Proud as I am of the event, it’s disappointing that the new Belper Town Guide, which is 100 pages long, doesn’t even mention the festival. How could they fail to mention the town’s biggest annual event?
Also, I was told that although Node 56 did a wonderful job organising the live music -a showcase for many Belper acts – not one of the performers received a penny for their efforts. They never have. When I look at the 100-page Town Guide which has at least 75 pages of ads, and the 68-page Festival programme, which has about 60 pages of ads, and then consider the money coming in from over 100 stallholders, surely the Town Council could make a contribution?
Posted on May 21, 2016 by under
I visited a fascinating art installation at Belper Mill: Part of the Fabric, created by Tan Draig, OBE.
At first sight, it’s a web wrapped around the pillars supporting the cast iron structure of Belper’s North Mill.
Remarkably, this maze is one long continuous thread, enough to weave a man’s suit out of.
As Tan told the Derby Telegraph: ‘The idea of the web is that it reflects the tight spaces that the mill workers laboured in.
They were constantly surrounded by noisy machines in great long rows, all running with miles of cotton threads that were being spun, doubled and finished.’
This woven ‘tunnel ‘ ends in an opening which contains a free-standing structure.
Visitors are invited to write about a favourite piece of clothing on a strip of cloth which they can then be attached and form part of an interesting collection of textile related tales.
I was fortunate to find a couple who were wandering around the installation, clearly fascinated by it.
I also added a slightly surreal take on the installation by creating my own art: a subtle movement of the camera as I hand held it in order to create a sense of a haunted past.
As you’ll also see in one of the photos below, there are minuscule figures representing mill workers – 500 in all.
Posted on April 21, 2016 by under
As the Queen marks her 90th birthday, I am reflecting on the time when, as the official photographer for the Derby Cathedral Quarter, I was commissioned to shoot the Queen’s visit to Derby Cathedral for the Royal Maundy. This is the annual tradition whereby the reigning monarch gives a purse of money to the elderly – two people (one male, one female) for each year of the monarch’s life. As the Queen was 84, there were 168 recipients.
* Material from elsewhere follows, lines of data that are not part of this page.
lemma ex_bideal_indicator:
  assumes G: "G \<subseteq> BPolys n" and "finite P" "P \<subseteq> Pow (Vars n) - zero_set n G"
  shows "\<exists>h\<in>bideal n G. \<forall>b. b \<subseteq> Vars n \<longrightarrow> peval h b \<longleftrightarrow> b \<in> P"
  using assms(2,3)
proof (induction P)
  case empty
  show ?case using peval_pzero bideal.zero by blast
next
  case (insert a P)
  then obtain h where h: "h \<in> bideal n G" "\<forall>b. b \<subseteq> Vars n \<longrightarrow> peval h b \<longleftrightarrow> b \<in> P"
    by auto
  have "a \<subseteq> Vars n" "a \<notin> zero_set n G" using insert.prems by auto
  then obtain g where g: "g \<in> G" "peval g a" unfolding zero_set_def by auto
  let ?k = "pmul (pindicator n a) g"
  have "?k \<in> bideal n G" using g(1) by (intro bideal.mul pindicator_BPolys bideal.gen)
  with h(1) have "padd h ?k \<in> bideal n G" by (rule bideal.add)
  have fin: "finite g" "finite (pindicator n a)" "finite h"
    using g(1) G h(1) bideal_subset_BPolys[OF G] pindicator_BPolys[of n a]
    by (auto intro: finite_BPolys)
  then have "peval (padd h ?k) b \<longleftrightarrow> b \<in> insert a P" if "b \<subseteq> Vars n" for b
    using that h(2) g(2) insert.hyps(2)
    by (auto simp: peval_padd peval_pmul peval_pindicator)
  with \<open>padd h ?k \<in> bideal n G\<close> show ?case by blast
qed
I don’t think I have ever been so anxious about a photo shoot. This was one of the biggest days in the Cathedral’s long history, and the sense of responsibility starting weighing down on me. As I had about two months’ notice of the event, it enabled me to spend many sleepless nights worrying myself daft. For one, this was press photography which wasn’t me at all, and this was going to be much more demanding than a wedding shoot. After all, you can always say to the bride: ‘Do you mind kissing the groom again? I didn’t quote get the shot.’ However, you can hardly say to Her Majesty: ‘Do you mind shaking hands with the Bishop again?’
What’s more, photographing the Queen was only part of my worries. I had to take photos of the crowds, the Maundy recipients, VIP guests, everyone associated with the Cathedral, plus the Yeoman of the Guard who turn up in all their finery and are responsible for the Maundy purses.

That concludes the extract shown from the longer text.